Closed MilesCranmer closed 7 years ago
Here is another Travis-ci issue with similar occurrence/non-reproducibility:
FAIL: test_data_sizes (test_block.TestFFTBlock)
Test that different number of bits give correct throughput size
----------------------------------------------------------------------
Traceback (most recent call last):
File "test_block.py", line 286, in test_data_sizes
self.assertEqual(number_fftd, number_copied)
AssertionError: 163072 != 113920
I should note that I can't reproduce this locally with CUDA-enabled Bifrost. I have not tried yet with CUDA disabled. It might be that this issue is created somehow when you set the NOCUDA flag.
I should also note that the number_copied
in the second Travis issue changes from run to run (of the times the issue occurs)
Update: I ran the test suite twice on a local CPU-only Bifrost docker container, and all (CPU) tests passed.

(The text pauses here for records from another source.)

(* For all integers $d\ge 2$, $g\ge 1$ and $t\ge 4$ there exist positive integers $m,n$ with $n/m\ge t$ and a simple graph $G'$ of girth at least $g$ whose vertex set is partitioned into sets $A$ and $B$ with $|A|=m$ and $|B|=n$, such that every edge of $G'$ joins a vertex of $A$ to a vertex of $B$ and every vertex of $B$ has degree at least $d$ in $G'$.
   Context: The girth of a graph is the length of its shortest cycle (infinite for a forest). *)

theory Defs
  imports Main
begin

definition simple_graph :: "'a set \<Rightarrow> 'a set set \<Rightarrow> bool" where
  "simple_graph V E \<longleftrightarrow> finite V \<and> (\<forall>e\<in>E. e \<subseteq> V \<and> card e = 2)"

definition is_cycle :: "'a set \<Rightarrow> 'a set set \<Rightarrow> 'a list \<Rightarrow> bool" where
  "is_cycle V E cs \<longleftrightarrow> length cs \<ge> 3 \<and> distinct cs \<and> set cs \<subseteq> V \<and>
     (\<forall>i < length cs. {cs ! i, cs ! ((i + 1) mod length cs)} \<in> E)"

definition girth_at_least :: "'a set \<Rightarrow> 'a set set \<Rightarrow> nat \<Rightarrow> bool" where
  "girth_at_least V E g \<longleftrightarrow> (\<forall>cs. is_cycle V E cs \<longrightarrow> length cs \<ge> g)"

definition degree :: "'a set set \<Rightarrow> 'a \<Rightarrow> nat" where
  "degree E v = card {e \<in> E. v \<in> e}"

end

theory Submission
  imports Defs
begin

text \<open>Start from the complete bipartite graph with parts of sizes d and t d. Replacing a
  graph by its covering graph for the voltage group of all edge sets (a vertex of the cover
  is a vertex together with a set of edges, and traversing an edge toggles it in the set)
  keeps the bipartition, multiplies both parts by the same factor, does not lower any
  degree and doubles the girth. After g rounds the girth is at least 2^g \<ge> g.\<close>

lemma simple_graph_finite_edges: "simple_graph V E \<Longrightarrow> finite E"
  unfolding simple_graph_def by (meson PowI finite_Pow_iff finite_subset subsetI)

lemma girth_at_least_mono: "girth_at_least V E g \<Longrightarrow> g' \<le> g \<Longrightarrow> girth_at_least V E g'"
  unfolding girth_at_least_def by force

definition bipartition :: "'a set \<Rightarrow> 'a set set \<Rightarrow> 'a set \<Rightarrow> 'a set \<Rightarrow> bool" where
  "bipartition V E A B \<longleftrightarrow> A \<union> B = V \<and> A \<inter> B = {} \<and> (\<forall>e\<in>E. \<exists>a\<in>A. \<exists>b\<in>B. e = {a, b})"

lemma simple_graph_image:
  assumes f: "inj_on f V" and sg: "simple_graph V E"
  shows "simple_graph (f ` V) ((`) f ` E)"
  unfolding simple_graph_def
proof (intro conjI ballI)
  show "finite (f ` V)" using sg unfolding simple_graph_def by simp
  fix e' assume "e' \<in> (`) f ` E"
  then obtain e where e: "e \<in> E" "e' = f ` e" by blast
  then have "e \<subseteq> V" "card e = 2" using sg unfolding simple_graph_def by auto
  then show "e' \<subseteq> f ` V" "card e' = 2"
    using e(2) card_image[OF inj_on_subset[OF f]] by auto
qed

lemma girth_at_least_image:
  assumes f: "inj_on f V" and sg: "simple_graph V E" and girth: "girth_at_least V E g"
  shows "girth_at_least (f ` V) ((`) f ` E) g"
  unfolding girth_at_least_def
proof (intro allI impI)
  fix cs assume cyc: "is_cycle (f ` V) ((`) f ` E) cs"
  define h where "h = inv_into V f"
  have "is_cycle V E (map h cs)"
    unfolding is_cycle_def
  proof (intro conjI allI impI)
    show "3 \<le> length (map h cs)" using cyc unfolding is_cycle_def by simp
    show "distinct (map h cs)" "set (map h cs) \<subseteq> V"
      using cyc inj_on_subset[OF inj_on_inv_into[of "f ` V" f V]]
      unfolding is_cycle_def h_def by (auto simp: distinct_map inv_into_into)
    fix i assume i: "i < length (map h cs)"
    let ?j = "(i + 1) mod length cs"
    obtain e where e: "e \<in> E" "{cs ! i, cs ! ?j} = f ` e"
      using cyc i unfolding is_cycle_def by auto
    have "e \<subseteq> V" using sg e(1) unfolding simple_graph_def by blast
    then have "h ` {cs ! i, cs ! ?j} = e" unfolding e(2) h_def using f by simp
    moreover have "?j < length cs" using i by (intro mod_less_divisor) auto
    ultimately show "{map h cs ! i, map h cs ! ((i + 1) mod length (map h cs))} \<in> E"
      using e(1) i by simp
  qed
  then show "g \<le> length cs" using girth unfolding girth_at_least_def by fastforce
qed

lemma degree_image:
  assumes f: "inj_on f V" and sg: "simple_graph V E" and "v \<in> V"
  shows "degree ((`) f ` E) (f v) = degree E v"
proof -
  have EV: "e \<subseteq> V" if "e \<in> E" for e using sg that unfolding simple_graph_def by blast
  have "{e' \<in> (`) f ` E. f v \<in> e'} = (`) f ` {e \<in> E. v \<in> e}"
    using inj_on_image_mem_iff[OF f \<open>v \<in> V\<close> EV] by blast
  moreover have "inj_on ((`) f) {e \<in> E. v \<in> e}"
  proof (rule inj_on_image[OF inj_on_subset[OF f]])
    show "\<Union>{e \<in> E. v \<in> e} \<subseteq> V" using EV by blast
  qed
  ultimately show ?thesis unfolding degree_def by (simp add: card_image)
qed

lemma bipartition_image:
  assumes f: "inj_on f V" and "bipartition V E A B"
  shows "bipartition (f ` V) ((`) f ` E) (f ` A) (f ` B)"
proof -
  have "A \<union> B = V" "A \<inter> B = {}" "\<forall>e\<in>E. \<exists>a\<in>A. \<exists>b\<in>B. e = {a, b}"
    using assms(2) unfolding bipartition_def by auto
  moreover have "f ` A \<inter> f ` B = {}"
    using inj_on_image_Int[OF f, of A B] \<open>A \<union> B = V\<close> \<open>A \<inter> B = {}\<close> by auto
  ultimately show ?thesis
    unfolding bipartition_def by (auto 0 4 intro: bexI[of _ "f a" for a])
qed

definition toggle :: "'a set \<Rightarrow> 'a \<Rightarrow> 'a set" where
  "toggle S x = (if x \<in> S then S - {x} else insert x S)"

lemma toggle_toggle [simp]: "toggle (toggle S x) x = S"
  unfolding toggle_def by auto

lemma toggle_subset: "S \<subseteq> E \<Longrightarrow> x \<in> E \<Longrightarrow> toggle S x \<subseteq> E"
  unfolding toggle_def by auto

lemma mem_toggle_iterate:
  assumes step: "\<And>i. X (Suc i) = toggle (X i) (f i)"
  shows "x \<in> X (s + j) \<longleftrightarrow> (x \<in> X s \<longleftrightarrow> even (card {k \<in> {s..<s + j}. f k = x}))"
proof (induction j)
  case 0
  show ?case by simp
next
  case (Suc j)
  have "{k \<in> {s..<s + Suc j}. f k = x} =
      (if f (s + j) = x then insert (s + j) else id) {k \<in> {s..<s + j}. f k = x}"
    by (auto simp: less_Suc_eq)
  then show ?case
    using Suc.IH step[of "s + j"] by (auto simp: toggle_def)
qed

lemma distinct_prefix_even_multiplicities:
  fixes f :: "nat \<Rightarrow> 'b"
  assumes inj: "inj_on f {s..<s + l}" and "l \<le> L"
    and even: "\<And>x. even (card {k \<in> {s..<s + L}. f k = x})"
  shows "2 * l \<le> L"
proof -
  have "f ` {s..<s + l} \<subseteq> f ` {s + l..<s + L}"
  proof
    fix x assume "x \<in> f ` {s..<s + l}"
    then obtain k0 where k0: "k0 \<in> {s..<s + l}" "x = f k0" by auto
    show "x \<in> f ` {s + l..<s + L}"
    proof (rule ccontr)
      assume "x \<notin> f ` {s + l..<s + L}"
      then have "{k \<in> {s..<s + L}. f k = x} = {k0}"
      proof (intro equalityI subsetI)
        fix k assume k: "k \<in> {k \<in> {s..<s + L}. f k = x}"
        then have "k < s + l"
          using \<open>x \<notin> f ` {s + l..<s + L}\<close> by (auto simp: not_le[symmetric])
        then show "k \<in> {k0}" using k k0 inj by (auto simp: inj_on_def)
      qed (use k0 \<open>l \<le> L\<close> in auto)
      then show False using even[of x] by simp
    qed
  qed
  then have "card (f ` {s..<s + l}) \<le> card {s + l..<s + L}"
    by (meson card_image_le card_mono finite_atLeastLessThan finite_imageI le_trans)
  then show ?thesis using inj by (simp add: card_image)
qed

lemma minimal_return_is_cycle:
  fixes w :: "nat \<Rightarrow> 'a"
  assumes edge: "\<And>i. {w i, w (Suc i)} \<in> E" and wV: "\<And>i. w i \<in> V"
    and ret: "w i0 = w (i0 + l)" and "3 \<le> l"
    and minl: "\<And>i l'. 0 < l' \<Longrightarrow> l' < l \<Longrightarrow> w i \<noteq> w (i + l')"
  shows "is_cycle V E (map (\<lambda>k. w (i0 + k)) [0..<l])"
  unfolding is_cycle_def
proof (intro conjI allI impI)
  have "inj_on (\<lambda>k. w (i0 + k)) {0..<l}"
  proof (rule linorder_inj_onI')
    fix a b assume "a \<in> {0..<l}" "b \<in> {0..<l}" "a < b"
    then show "w (i0 + a) \<noteq> w (i0 + b)"
      using minl[of "b - a" "i0 + a"] by simp
  qed
  then show "distinct (map (\<lambda>k. w (i0 + k)) [0..<l])"
    by (simp add: distinct_map)
  fix k assume "k < length (map (\<lambda>k. w (i0 + k)) [0..<l])"
  then have "k < l" by simp
  moreover have "map (\<lambda>k. w (i0 + k)) [0..<l] ! ((k + 1) mod l) = w (i0 + Suc k)"
    using \<open>k < l\<close> ret by (cases "Suc k = l") auto
  ultimately show "{map (\<lambda>k. w (i0 + k)) [0..<l] ! k,
      map (\<lambda>k. w (i0 + k)) [0..<l] ! ((k + 1) mod length (map (\<lambda>k. w (i0 + k)) [0..<l]))} \<in> E"
    using edge[of "i0 + k"] by simp
qed (use \<open>3 \<le> l\<close> wV in auto)

lemma minimal_return_edges_inj:
  fixes w :: "nat \<Rightarrow> 'a"
  assumes nb: "\<And>i. w i \<noteq> w (Suc (Suc i))"
    and minl: "\<And>i l'. 0 < l' \<Longrightarrow> l' < l \<Longrightarrow> w i \<noteq> w (i + l')"
  shows "inj_on (\<lambda>k. {w k, w (Suc k)}) {i0..<i0 + l}"
proof (rule linorder_inj_onI')
  fix a b assume ab: "a \<in> {i0..<i0 + l}" "b \<in> {i0..<i0 + l}" "a < b"
  show "{w a, w (Suc a)} \<noteq> {w b, w (Suc b)}"
  proof
    assume "{w a, w (Suc a)} = {w b, w (Suc b)}"
    then consider "w a = w b" | "w a = w (Suc b)" "w (Suc a) = w b"
      by (auto simp: doubleton_eq_iff)
    then show False
    proof cases
      case 1
      moreover have "b - a < l" using ab by auto
      ultimately show False using minl[of "b - a" a] ab by auto
    next
      case 2
      show False
      proof (cases "b = Suc a")
        case True
        then show False using 2 nb[of a] by simp
      next
        case False
        moreover have "0 < b - Suc a" "b - Suc a < l" using ab False by auto
        ultimately show False using 2 minl[of "b - Suc a" "Suc a"] by auto
      qed
    qed
  qed
qed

I do not know why Travis is having difficulty with this.
Apparently there is a way to run a Travis instance locally: https://quay.io/organization/travisci. I will try this.
Not sure if it's relevant in this case, but one way I found to debug/induce race conditions is to add a time.sleep(random.random()) into the middle of the TransformBlock definition.
The plot thickens: a moment ago, I reproduced the array sizing error locally on my MacBook. This error occurs on every execution on this machine, rather than ~1/2 the time.
FWIW I get the FFT failure sometimes on my machine.
Was it with the CPU version of Bifrost? The GPU one seems to work well for me regarding unit tests.
Update: I have finally gotten a local travis-ci instance up and running. All tests pass, every time. I still have not been able to reproduce these errors locally.
Closing this as tests seem to be stable now. I believe these issues were solved by a combination of fixing bugs and skipping flaky tests. A couple of the relevant commits: https://github.com/ledatelescope/bifrost/commit/a5448da899fc56eb891f09d61b7498d96da8cb6f https://github.com/ledatelescope/bifrost/commit/fa6b40b09b6014ef446147111e3edc2fafed1724
I'm seeing the following issue in Travis builds about 1/2 of the time. I can't reproduce this locally.